Has anyone converted Lowrance (.usr) waypoints to Garmin (.adm)? I want to convert my waypoints to my new Garmin 740S and figured that someone here has already done it.

Thanks


----------



## Danny O (Apr 14, 2010)

My Lowrance has two options for exporting (usr or gpx). Garmin should accept the GPX format, but I'm not 100% sure.


----------



## teamgafftop1 (Aug 30, 2010)

The problem is that the Lowrance died after a few months and they won't support it (end of life they said). So, I upgraded to a Garmin 740S and just want to convert the waypoints to .adm but can't find a utility to do that. It's not a problem reading the .usr data, it's a conversion to .adm problem.

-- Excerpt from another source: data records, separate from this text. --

section \<open>Any two points of a domain lie on an analytic disc\<close>

lemma Ln_one_plus_disc_bounds:
  fixes t :: complex and \<rho> :: real
  assumes "0 < \<rho>" "\<rho> < 1" "norm t < 1"
  shows "1 + of_real \<rho> * t \<notin> \<real>\<^sub>\<le>\<^sub>0"
    and "ln (1 - \<rho>) < Re (Ln (1 + of_real \<rho> * t))"
    and "Re (Ln (1 + of_real \<rho> * t)) < 1"
    and "\<bar>Im (Ln (1 + of_real \<rho> * t))\<bar> < pi / 2"
proof -
  define w where "w = 1 + of_real \<rho> * t"
  have "- 1 < Re t"
    using abs_Re_le_cmod[of t] assms(3) by linarith
  then have Re_w: "1 - \<rho> < Re w"
    using mult_strict_left_mono[of "- 1" "Re t" \<rho>] assms(1) by (simp add: w_def)
  then have w0: "0 < Re w"
    using assms(2) by linarith
  then show "1 + of_real \<rho> * t \<notin> \<real>\<^sub>\<le>\<^sub>0"
    by (auto simp: w_def complex_nonpos_Reals_iff)
  have "w \<noteq> 0"
    using w0 by auto
  then have Re_Ln_w: "Re (Ln w) = ln (norm w)"
    by simp
  have "ln (1 - \<rho>) < ln (Re w)"
    using Re_w assms(2) by simp
  also have "\<dots> \<le> ln (norm w)"
    using w0 abs_Re_le_cmod[of w] by (subst ln_le_cancel_iff) auto
  finally show "ln (1 - \<rho>) < Re (Ln (1 + of_real \<rho> * t))"
    using Re_Ln_w by (simp add: w_def)
  have "norm w \<le> 1 + \<rho> * norm t"
    using norm_triangle_ineq[of 1 "of_real \<rho> * t"] assms(1) by (simp add: w_def norm_mult)
  also have "\<dots> < 2"
    using mult_left_mono[of "norm t" 1 \<rho>] assms by linarith
  also have "\<dots> \<le> exp 1"
    using exp_ge_add_one_self[of 1] by simp
  finally have "ln (norm w) < ln (exp 1)"
    using \<open>w \<noteq> 0\<close> by (subst ln_less_cancel_iff) auto
  then have "ln (norm w) < 1"
    by simp
  then show "Re (Ln (1 + of_real \<rho> * t)) < 1"
    using Re_Ln_w by (simp add: w_def)
  show "\<bar>Im (Ln (1 + of_real \<rho> * t))\<bar> < pi / 2"
    using Re_Ln_pos_lt_imp[OF w0] by (simp add: w_def)
qed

BTW, I fixed the Lowrance with a .02 fuse but since it was full of water I'm not going to use it any longer.


----------



## ReelWork (May 21, 2004)

This should do what you need .... Free and works pretty well.

http://www.easygps.com/


----------



## teamgafftop1 (Aug 30, 2010)

Tried that one too. It won't even open the Lowrance .usr files. It only recognizes three different file types and none of them include the .usr or .adm files.


----------



## ReelWork (May 21, 2004)

Try to export them to text format (or if you can cut and paste from the opened .usr into text) then import to the format you want..


----------



## muddyduck (May 9, 2006)

*Converter*

I used the below to transfer my stuff.
http://www.gpsvisualizer.com/gpsbabel/


----------



## teamgafftop1 (Aug 30, 2010)

Thanks for all the advice. Turns out to be a multi-step process and I needed two different programs to do it. Anyway, I'll find out tomorrow if it worked.


----------



## george.maness86 (May 29, 2012)

did it work and what did you use to get to the ADM file


----------



## bjmillet (Apr 9, 2012)

muddyduck said:


> I used the below to transfer my stuff.
> http://www.gpsvisualizer.com/gpsbabel/


X2


----------



## speck trout chaser (Jun 22, 2011)

I was wondering if this worked?


----------



## never enuff (Jan 11, 2008)

*Breakwater*

Call Derek at Breakwater marine in Kemah. He has software to transfer back and forth. He has done it for me a couple of times, worked great.


----------